Construction and utilisation of a bidirectional reporter vector in the analysis of two nod-boxes in of Rhizobium loti : a thesis presented in partial fulfilment of the requirements for the Degree of Master of Science in Molecular Genetics at Massey University

Abstract

The nod-box is a 47bp cis-acting regulatory region which has been conserved amongst every species of Rhizobium studied to date. In species such as R. meliloti and R. leguminosarum, the nod-box has been shown to promote constitutive activity towards the regulatory nodD gene, and flavonoid-inducible expression towards the divergently-transcribed nodABCIJ operon. This bidirectional regulation of the so-called common nod genes was not observed in R. loti. A previous analysis of this species had shown that its nod-box promoted inducible activity towards the truncated 'nodD' gene, as well as the nodACIJ operon. It was the unusual arrangement of these R. loti nod genes that had initially aroused interest in this bacteria.

To further investigate the role of the nod-box in the regulation of the R. loti common nod genes, a bidirectional reporter vector (pSPV4) was constructed. This novel vector allowed the promoter activity of a cloned nod-box-containing fragment to be concurrently measured in either direction using the same culture of cells. To achieve this construct, the gusA gene from pRAJ260 was blunt-end ligated into pUC21. An in-frame ribosome binding site (rbs) was cloned upstream of the gusA coding sequence to facilitate transcriptional fusions. The rbs and gusA gene were later excised as a functional unit and blunt-end ligated into pMP220 alongside the B-galactosidase reporter gene but in the opposite orientation. Hence, both reporter genes could be divergently transcribed from a common regulatory region cloned into the multiple cloning site that separated the genes.

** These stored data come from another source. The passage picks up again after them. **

(* The semantics $\mathit{cf2}$ and $\mathit{stg2}$ satisfy the weak reinstatement criterion: for every argumentation framework $\mathcal{F}$ and every $S\in\mathit{cf2}(\mathcal{F})$ or $S\in\mathit{stg2}(\mathcal{F})$, $S$ contains the grounded extension of $\mathcal{F}$.
   Context: An argumentation framework (AF) is $\mathcal{F}=(A_{\mathcal{F}},R_{\mathcal{F}})$ with $R_{\mathcal{F}}\subseteq A_{\mathcal{F}}\times A_{\mathcal{F}}$ (possibly infinite); $a\rightarrow b$ means $(a,b)\in R_{\mathcal{F}}$. $S$ defends $a$ if every attacker of $a$ is attacked by some element of $S$; the grounded extension is the least fixed point of $S\mapsto\{x:S\text{ defends }x\}$. $\mathcal{F}|_B=(A_{\mathcal{F}}\cap B,R_{\mathcal{F}}\cap(B\times B))$. Conflict-free: no $a,b\in S$ with $a\rightarrow b$; naive: $\subseteq$-maximal conflict-free; $S^\oplus=S\cup\{x:\exists y\in S,\ y\rightarrow x\}$; stage: conflict-free $S$ with no conflict-free $T$ having $S^\oplus\subsetneq T^\oplus$. $\mathrm{SCC}(\mathcal{F})$: strongly connected components of the attack graph. $D_S(X)=\{b\in X:\exists a\in S\setminus X,\ a\rightarrow b\}$. $S\in\mathit{cf2}(\mathcal{F})$ iff either $|\mathrm{SCC}(\mathcal{F})|=1$ and $S$ is naive in $\mathcal{F}$, or $|\mathrm{SCC}(\mathcal{F})|\ne 1$ and for each $X\in\mathrm{SCC}(\mathcal{F})$, $S\cap X\in\mathit{cf2}(\mathcal{F}|_{X\setminus D_S(X)})$ (recursively). For infinite AFs the recursion may be ill-founded; $S$ is counted as a member of $\mathit{cf2}(\mathcal{F})$ only when the tree of recursive calls has no infinite branch and the condition holds at every leaf. $\mathit{stg2}$ is the same with stage in place of naive. *)

theory Defs
  imports Main
begin

type_synonym 'a af = "'a set \<times> ('a \<times> 'a) set"

definition args :: "'a af \<Rightarrow> 'a set" where "args F = fst F"
definition atts :: "'a af \<Rightarrow> ('a \<times> 'a) set" where "atts F = snd F"

definition wf_af :: "'a af \<Rightarrow> bool" where
  "wf_af F \<longleftrightarrow> atts F \<subseteq> args F \<times> args F"

definition defends :: "'a af \<Rightarrow> 'a set \<Rightarrow> 'a \<Rightarrow> bool" where
  "defends F S a \<longleftrightarrow> (\<forall>b. (b, a) \<in> atts F \<longrightarrow> (\<exists>c\<in>S. (c, b) \<in> atts F))"

definition char_fun :: "'a af \<Rightarrow> 'a set \<Rightarrow> 'a set" where
  "char_fun F S = {x \<in> args F. defends F S x}"

definition grounded :: "'a af \<Rightarrow> 'a set" where
  "grounded F = lfp (char_fun F)"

The fragments of DNA that were eventually cloned into the bidirectional vector were generated through the polymerase chain reaction. Each DNA insert contained the nod-box bracketed by differing lengths of flanking region. Once these PCR-generated fragments had been sequenced in pUC118 and subcloned into pSPV4, the resulting constructs were transformed into R. loti cells by electroporation. As the electroporation of these cells had not previously been reported, the conditions for this procedure were established and optimised.

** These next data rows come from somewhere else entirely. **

(* Suppose Assumption A holds. If the quadratic eigenvalue multiplicity $k$ satisfies $k\ge m+2$, then $\operatorname{conv}(\mathcal D)=\mathcal D_{\mathrm{SDP}}$.
   Context: Fix integers $N\ge 1$, $m_I,m_E\ge 0$, $m:=m_I+m_E\ge 1$; $[a,b]=\{a,\dots,b\}$, $[n]=[1,n]$. For $i\in[0,m]$ let $q_i(x)=x^\top A_ix+2b_i^\top x+c_i$ with $A_i\in\mathbb S^N$, $b_i\in\mathbb R^N$, $c_i\in\mathbb R$. $\mathcal D:=\{(x,t)\in\mathbb R^N\times\mathbb R: q_0(x)\le 2t,\ q_i(x)\le0\ \forall i\in[m_I],\ q_i(x)=0\ \forall i\in[m_I+1,m]\}$. Let $Q_i=\begin{pmatrix}c_i& b_i^\top\\ b_i& A_i\end{pmatrix}$; $\mathcal D_{\mathrm{SDP}}:=\{(x,t):\exists X\in\mathbb S^N$ with $Y=\begin{pmatrix}1&x^\top\\ x& X\end{pmatrix}\succeq0$, $\langle Q_0,Y\rangle\le 2t$, $\langle Q_i,Y\rangle\le 0\ \forall i\in[m_I]$, $\langle Q_i,Y\rangle= 0\ \forall i\in[m_I+1,m]\}$. $A(\gamma)=A_0+\sum_{i=1}^m\gamma_iA_i$. Assumption A: the QCQP feasible set $\{x: q_i(x)\le0\ \forall i\in[m_I],\ q_i(x)=0\ \forall i\in[m_I+1,m]\}$ is nonempty and some $\gamma^*\in\mathbb R^m$ with $\gamma^*_i\ge0$ ($i\in[m_I]$) has $A(\gamma^* )\succ0$. The quadratic eigenvalue multiplicity is the largest integer $k$ (with $N=nk$) such that for every $i\in[0,m]$ there is $\mathcal A_i\in\mathbb S^n$ with $A_i=I_k\otimes\mathcal A_i$. *)

theory Defs
  imports Main "HOL-Analysis.Analysis"
begin

text \<open>Vectors of R^N are functions nat => real using indices 0..N-1
  (entries at indices >= N are required to be 0). Matrices in S^N are functions
  nat => nat => real, only entries with indices < N are meaningful.
  A family (A i) for i in [0,m] is a function nat => (nat => nat => real), etc.\<close>

definition vec_on :: "nat \<Rightarrow> (nat \<Rightarrow> real) \<Rightarrow> bool" where
  "vec_on N x \<longleftrightarrow> (\<forall>j\<ge>N. x j = 0)"

definition sym_mat :: "nat \<Rightarrow> (nat \<Rightarrow> nat \<Rightarrow> real) \<Rightarrow> bool" where
  "sym_mat n M \<longleftrightarrow> (\<forall>r<n. \<forall>s<n. M r s = M s r)"

definition qform :: "nat \<Rightarrow> (nat \<Rightarrow> nat \<Rightarrow> real) \<Rightarrow> (nat \<Rightarrow> real) \<Rightarrow> real" where
  "qform n M v = (\<Sum>r<n. \<Sum>s<n. v r * M r s * v s)"

definition psd_mat :: "nat \<Rightarrow> (nat \<Rightarrow> nat \<Rightarrow> real) \<Rightarrow> bool" where
  "psd_mat n M \<longleftrightarrow> sym_mat n M \<and> (\<forall>v. qform n M v \<ge> 0)"

definition pd_mat :: "nat \<Rightarrow> (nat \<Rightarrow> nat \<Rightarrow> real) \<Rightarrow> bool" where
  "pd_mat n M \<longleftrightarrow> sym_mat n M \<and> (\<forall>v. (\<exists>r<n. v r \<noteq> 0) \<longrightarrow> qform n M v > 0)"

definition frob :: "nat \<Rightarrow> (nat \<Rightarrow> nat \<Rightarrow> real) \<Rightarrow> (nat \<Rightarrow> nat \<Rightarrow> real) \<Rightarrow> real" where
  "frob n M Y = (\<Sum>r<n. \<Sum>s<n. M r s * Y r s)"

definition qfun :: "nat \<Rightarrow> (nat \<Rightarrow> nat \<Rightarrow> real) \<Rightarrow> (nat \<Rightarrow> real) \<Rightarrow> real \<Rightarrow> (nat \<Rightarrow> real) \<Rightarrow> real" where
  "qfun N Ai bi ci x = qform N Ai x + 2 * (\<Sum>r<N. bi r * x r) + ci"

text \<open>The (N+1)x(N+1) block matrix [[c, b^T],[b, A]] (index 0 is the homogenizing one).\<close>
definition block_mat :: "real \<Rightarrow> (nat \<Rightarrow> real) \<Rightarrow> (nat \<Rightarrow> nat \<Rightarrow> real) \<Rightarrow> nat \<Rightarrow> nat \<Rightarrow> real" where
  "block_mat c b A r s =
     (if r = 0 \<and> s = 0 then c
      else if r = 0 then b (s - 1)
      else if s = 0 then b (r - 1)
      else A (r - 1) (s - 1))"

definition feasible :: "nat \<Rightarrow> nat \<Rightarrow> nat \<Rightarrow> (nat \<Rightarrow> nat \<Rightarrow> nat \<Rightarrow> real) \<Rightarrow> (nat \<Rightarrow> nat \<Rightarrow> real)
    \<Rightarrow> (nat \<Rightarrow> real) \<Rightarrow> (nat \<Rightarrow> real) \<Rightarrow> bool" where
  "feasible N mI m A b c x \<longleftrightarrow> vec_on N x
     \<and> (\<forall>i\<in>{1..mI}. qfun N (A i) (b i) (c i) x \<le> 0)
     \<and> (\<forall>i\<in>{mI+1..m}. qfun N (A i) (b i) (c i) x = 0)"

definition Dset :: "nat \<Rightarrow> nat \<Rightarrow> nat \<Rightarrow> (nat \<Rightarrow> nat \<Rightarrow> nat \<Rightarrow> real) \<Rightarrow> (nat \<Rightarrow> nat \<Rightarrow> real)
    \<Rightarrow> (nat \<Rightarrow> real) \<Rightarrow> ((nat \<Rightarrow> real) \<times> real) set" where
  "Dset N mI m A b c = {(x, t). feasible N mI m A b c x \<and> qfun N (A 0) (b 0) (c 0) x \<le> 2 * t}"

definition Dsdp :: "nat \<Rightarrow> nat \<Rightarrow> nat \<Rightarrow> (nat \<Rightarrow> nat \<Rightarrow> nat \<Rightarrow> real) \<Rightarrow> (nat \<Rightarrow> nat \<Rightarrow> real)
    \<Rightarrow> (nat \<Rightarrow> real) \<Rightarrow> ((nat \<Rightarrow> real) \<times> real) set" where
  "Dsdp N mI m A b c = {(x, t). vec_on N x \<and> (\<exists>X. sym_mat N X \<and>
      (let Y = block_mat 1 x X in
        psd_mat (N + 1) Y
        \<and> frob (N + 1) (block_mat (c 0) (b 0) (A 0)) Y \<le> 2 * t
        \<and> (\<forall>i\<in>{1..mI}. frob (N + 1) (block_mat (c i) (b i) (A i)) Y \<le> 0)
        \<and> (\<forall>i\<in>{mI+1..m}. frob (N + 1) (block_mat (c i) (b i) (A i)) Y = 0)))}"

definition conv_hull :: "((nat \<Rightarrow> real) \<times> real) set \<Rightarrow> ((nat \<Rightarrow> real) \<times> real) set" where
  "conv_hull S = {p. \<exists>(r::nat) (w::nat \<Rightarrow> real) P.
      (\<forall>j<r. 0 \<le> w j \<and> P j \<in> S) \<and> (\<Sum>j<r. w j) = 1
      \<and> p = ((\<lambda>l. \<Sum>j<r. w j * fst (P j) l), (\<Sum>j<r. w j * snd (P j)))}"

definition Agamma :: "nat \<Rightarrow> (nat \<Rightarrow> nat \<Rightarrow> nat \<Rightarrow> real) \<Rightarrow> (nat \<Rightarrow> real) \<Rightarrow> nat \<Rightarrow> nat \<Rightarrow> real" where
  "Agamma m A \<gamma> r s = A 0 r s + (\<Sum>i\<in>{1..m}. \<gamma> i * A i r s)"

text \<open>I_k (Kronecker) M for an n x n matrix M: entry (p*n+a, q*n+b) is [p=q] M a b.\<close>
definition kron_I :: "nat \<Rightarrow> (nat \<Rightarrow> nat \<Rightarrow> real) \<Rightarrow> nat \<Rightarrow> nat \<Rightarrow> real" where
  "kron_I n M r s = (if r div n = s div n then M (r mod n) (s mod n) else 0)"

definition has_multiplicity :: "nat \<Rightarrow> nat \<Rightarrow> (nat \<Rightarrow> nat \<Rightarrow> nat \<Rightarrow> real) \<Rightarrow> nat \<Rightarrow> bool" where
  "has_multiplicity N m A k \<longleftrightarrow> (\<exists>n. N = n * k \<and>
     (\<forall>i\<le>m. \<exists>M. sym_mat n M \<and> (\<forall>r<N. \<forall>s<N. A i r s = kron_I n M r s)))"

definition quad_eig_mult :: "nat \<Rightarrow> nat \<Rightarrow> (nat \<Rightarrow> nat \<Rightarrow> nat \<Rightarrow> real) \<Rightarrow> nat" where
  "quad_eig_mult N m A = (GREATEST k. has_multiplicity N m A k)"

end

theory Submission
  imports Defs
begin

The results obtained from the bidirectional reporter assays disagreed with those observed in the earlier assays by Teo (1990). Neither the nodACIJ nod-box of NZP2037 nor the nodB nod-box of NZP2213, showed bidirectional inducible expression. In fact, both nod-boxes showed constitutive expression in the 'nodD' direction and inducible expression in the opposite direction. This indicates that the control of the nod genes in R. loti is fundamentally the same as that seen in other fast-growing Rhizobium species. Three regulatory elements affecting the levels of nod gene expression have tentatively been identified outside the nod-box sequence, though the results indicating their presence may simply be·due to spacing differences between the nod-box and the reporter gene.